(DATA LISTING):
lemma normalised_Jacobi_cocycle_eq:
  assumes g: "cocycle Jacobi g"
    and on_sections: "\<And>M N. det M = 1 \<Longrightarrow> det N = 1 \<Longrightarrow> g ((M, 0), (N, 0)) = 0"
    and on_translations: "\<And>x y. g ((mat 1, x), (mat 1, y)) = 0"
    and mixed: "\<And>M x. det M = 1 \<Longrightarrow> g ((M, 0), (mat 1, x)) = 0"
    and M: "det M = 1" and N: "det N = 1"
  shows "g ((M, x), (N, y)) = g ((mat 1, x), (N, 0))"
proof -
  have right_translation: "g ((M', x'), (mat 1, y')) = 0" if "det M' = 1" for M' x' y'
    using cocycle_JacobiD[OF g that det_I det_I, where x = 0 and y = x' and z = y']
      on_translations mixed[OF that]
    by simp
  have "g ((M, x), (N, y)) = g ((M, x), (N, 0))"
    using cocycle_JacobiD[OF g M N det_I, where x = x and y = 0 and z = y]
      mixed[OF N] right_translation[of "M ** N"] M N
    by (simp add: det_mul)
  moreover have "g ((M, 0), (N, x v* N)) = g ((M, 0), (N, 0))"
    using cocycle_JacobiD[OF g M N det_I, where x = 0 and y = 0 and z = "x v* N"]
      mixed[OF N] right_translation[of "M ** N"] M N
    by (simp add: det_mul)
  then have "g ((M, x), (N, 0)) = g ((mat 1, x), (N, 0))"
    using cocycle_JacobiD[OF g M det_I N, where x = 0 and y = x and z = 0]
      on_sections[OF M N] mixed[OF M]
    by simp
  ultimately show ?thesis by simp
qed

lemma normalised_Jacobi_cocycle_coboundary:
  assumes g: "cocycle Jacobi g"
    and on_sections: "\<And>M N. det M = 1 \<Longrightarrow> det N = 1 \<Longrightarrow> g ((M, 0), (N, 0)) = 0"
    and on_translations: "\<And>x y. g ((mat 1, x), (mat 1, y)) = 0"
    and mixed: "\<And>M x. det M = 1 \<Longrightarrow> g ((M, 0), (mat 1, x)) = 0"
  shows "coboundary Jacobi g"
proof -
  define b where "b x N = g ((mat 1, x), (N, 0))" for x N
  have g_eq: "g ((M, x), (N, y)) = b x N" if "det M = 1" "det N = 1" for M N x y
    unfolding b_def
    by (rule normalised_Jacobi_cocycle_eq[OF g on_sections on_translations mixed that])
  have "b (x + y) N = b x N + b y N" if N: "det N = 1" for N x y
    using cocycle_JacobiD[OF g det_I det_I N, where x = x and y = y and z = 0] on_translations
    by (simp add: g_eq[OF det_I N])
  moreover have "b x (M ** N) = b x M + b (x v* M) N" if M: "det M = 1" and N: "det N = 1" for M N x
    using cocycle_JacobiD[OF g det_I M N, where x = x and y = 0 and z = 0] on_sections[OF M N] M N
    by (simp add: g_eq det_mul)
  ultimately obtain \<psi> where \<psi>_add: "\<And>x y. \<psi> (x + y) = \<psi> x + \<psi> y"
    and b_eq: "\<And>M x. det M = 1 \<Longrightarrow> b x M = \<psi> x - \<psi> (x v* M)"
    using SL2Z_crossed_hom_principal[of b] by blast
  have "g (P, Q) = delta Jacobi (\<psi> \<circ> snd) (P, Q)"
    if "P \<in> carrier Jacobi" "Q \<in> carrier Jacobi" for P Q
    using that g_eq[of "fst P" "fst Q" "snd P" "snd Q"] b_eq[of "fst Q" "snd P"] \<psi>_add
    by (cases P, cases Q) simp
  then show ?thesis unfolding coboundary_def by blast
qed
...
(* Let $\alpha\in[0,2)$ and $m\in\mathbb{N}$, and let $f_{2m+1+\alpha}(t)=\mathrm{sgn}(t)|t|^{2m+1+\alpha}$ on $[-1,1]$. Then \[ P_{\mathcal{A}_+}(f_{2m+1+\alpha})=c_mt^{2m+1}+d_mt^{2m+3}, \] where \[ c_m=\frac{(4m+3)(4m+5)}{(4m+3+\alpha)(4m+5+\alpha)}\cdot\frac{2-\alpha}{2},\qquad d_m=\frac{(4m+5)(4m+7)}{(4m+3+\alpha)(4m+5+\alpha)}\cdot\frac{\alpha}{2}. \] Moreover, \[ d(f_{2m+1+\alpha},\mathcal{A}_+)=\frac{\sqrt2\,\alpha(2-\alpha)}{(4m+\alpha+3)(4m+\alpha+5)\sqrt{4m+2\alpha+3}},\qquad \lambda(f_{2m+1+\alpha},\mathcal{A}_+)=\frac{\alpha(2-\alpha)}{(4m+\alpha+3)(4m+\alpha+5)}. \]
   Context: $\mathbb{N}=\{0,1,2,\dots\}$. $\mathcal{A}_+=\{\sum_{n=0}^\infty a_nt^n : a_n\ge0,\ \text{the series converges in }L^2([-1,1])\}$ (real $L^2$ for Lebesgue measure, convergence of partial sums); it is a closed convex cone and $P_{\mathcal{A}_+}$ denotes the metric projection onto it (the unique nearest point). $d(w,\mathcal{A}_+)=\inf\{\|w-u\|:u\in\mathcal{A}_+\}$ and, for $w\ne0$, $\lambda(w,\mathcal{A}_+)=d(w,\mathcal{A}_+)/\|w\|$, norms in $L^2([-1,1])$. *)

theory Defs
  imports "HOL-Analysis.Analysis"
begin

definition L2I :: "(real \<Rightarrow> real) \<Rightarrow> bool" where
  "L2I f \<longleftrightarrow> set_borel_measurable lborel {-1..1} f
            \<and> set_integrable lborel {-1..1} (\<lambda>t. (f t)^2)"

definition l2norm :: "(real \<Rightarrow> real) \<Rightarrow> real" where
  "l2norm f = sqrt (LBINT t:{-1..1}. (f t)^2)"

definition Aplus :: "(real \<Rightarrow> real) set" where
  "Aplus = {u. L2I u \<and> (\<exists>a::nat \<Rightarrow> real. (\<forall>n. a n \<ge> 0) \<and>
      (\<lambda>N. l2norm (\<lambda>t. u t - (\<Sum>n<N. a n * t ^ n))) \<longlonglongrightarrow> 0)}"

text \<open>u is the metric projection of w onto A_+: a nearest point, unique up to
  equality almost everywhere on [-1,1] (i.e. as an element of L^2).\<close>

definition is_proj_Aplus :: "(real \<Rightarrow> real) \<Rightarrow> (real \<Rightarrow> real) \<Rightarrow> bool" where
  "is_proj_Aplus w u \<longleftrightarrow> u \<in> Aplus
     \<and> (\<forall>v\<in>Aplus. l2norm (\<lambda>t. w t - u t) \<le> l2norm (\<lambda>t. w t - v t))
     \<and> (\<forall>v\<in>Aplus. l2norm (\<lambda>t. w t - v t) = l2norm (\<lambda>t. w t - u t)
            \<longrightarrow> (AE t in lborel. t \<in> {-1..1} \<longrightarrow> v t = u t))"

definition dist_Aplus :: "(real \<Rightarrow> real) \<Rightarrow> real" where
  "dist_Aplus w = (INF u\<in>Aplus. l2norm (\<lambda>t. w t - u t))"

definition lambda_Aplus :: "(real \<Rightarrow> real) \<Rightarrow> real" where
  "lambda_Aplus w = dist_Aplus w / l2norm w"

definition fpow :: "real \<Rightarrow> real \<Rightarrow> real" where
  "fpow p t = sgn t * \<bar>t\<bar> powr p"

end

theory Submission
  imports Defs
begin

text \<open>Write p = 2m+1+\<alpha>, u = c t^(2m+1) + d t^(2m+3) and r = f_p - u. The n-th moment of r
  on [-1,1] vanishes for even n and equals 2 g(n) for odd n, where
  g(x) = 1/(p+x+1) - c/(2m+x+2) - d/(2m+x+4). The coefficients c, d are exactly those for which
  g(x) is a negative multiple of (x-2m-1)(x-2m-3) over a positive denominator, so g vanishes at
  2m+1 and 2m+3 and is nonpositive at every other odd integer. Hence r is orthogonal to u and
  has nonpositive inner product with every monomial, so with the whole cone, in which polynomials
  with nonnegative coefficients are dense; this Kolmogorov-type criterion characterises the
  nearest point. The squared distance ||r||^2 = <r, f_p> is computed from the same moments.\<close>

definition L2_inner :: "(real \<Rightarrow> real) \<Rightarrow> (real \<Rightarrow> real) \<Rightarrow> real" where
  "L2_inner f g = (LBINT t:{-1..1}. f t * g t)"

(WHAT THE TASK REQUIRES): Collect, from the material above, every line containing the word "text".

(EXERCISE OUTPUT):
   Context: $\mathbb{N}=\{0,1,2,\dots\}$. $\mathcal{A}_+=\{\sum_{n=0}^\infty a_nt^n : a_n\ge0,\ \text{the series converges in }L^2([-1,1])\}$ (real $L^2$ for Lebesgue measure, convergence of partial sums); it is a closed convex cone and $P_{\mathcal{A}_+}$ denotes the metric projection onto it (the unique nearest point). $d(w,\mathcal{A}_+)=\inf\{\|w-u\|:u\in\mathcal{A}_+\}$ and, for $w\ne0$, $\lambda(w,\mathcal{A}_+)=d(w,\mathcal{A}_+)/\|w\|$, norms in $L^2([-1,1])$. *)
text \<open>u is the metric projection of w onto A_+: a nearest point, unique up to
text \<open>Write p = 2m+1+\<alpha>, u = c t^(2m+1) + d t^(2m+3) and r = f_p - u. The n-th moment of r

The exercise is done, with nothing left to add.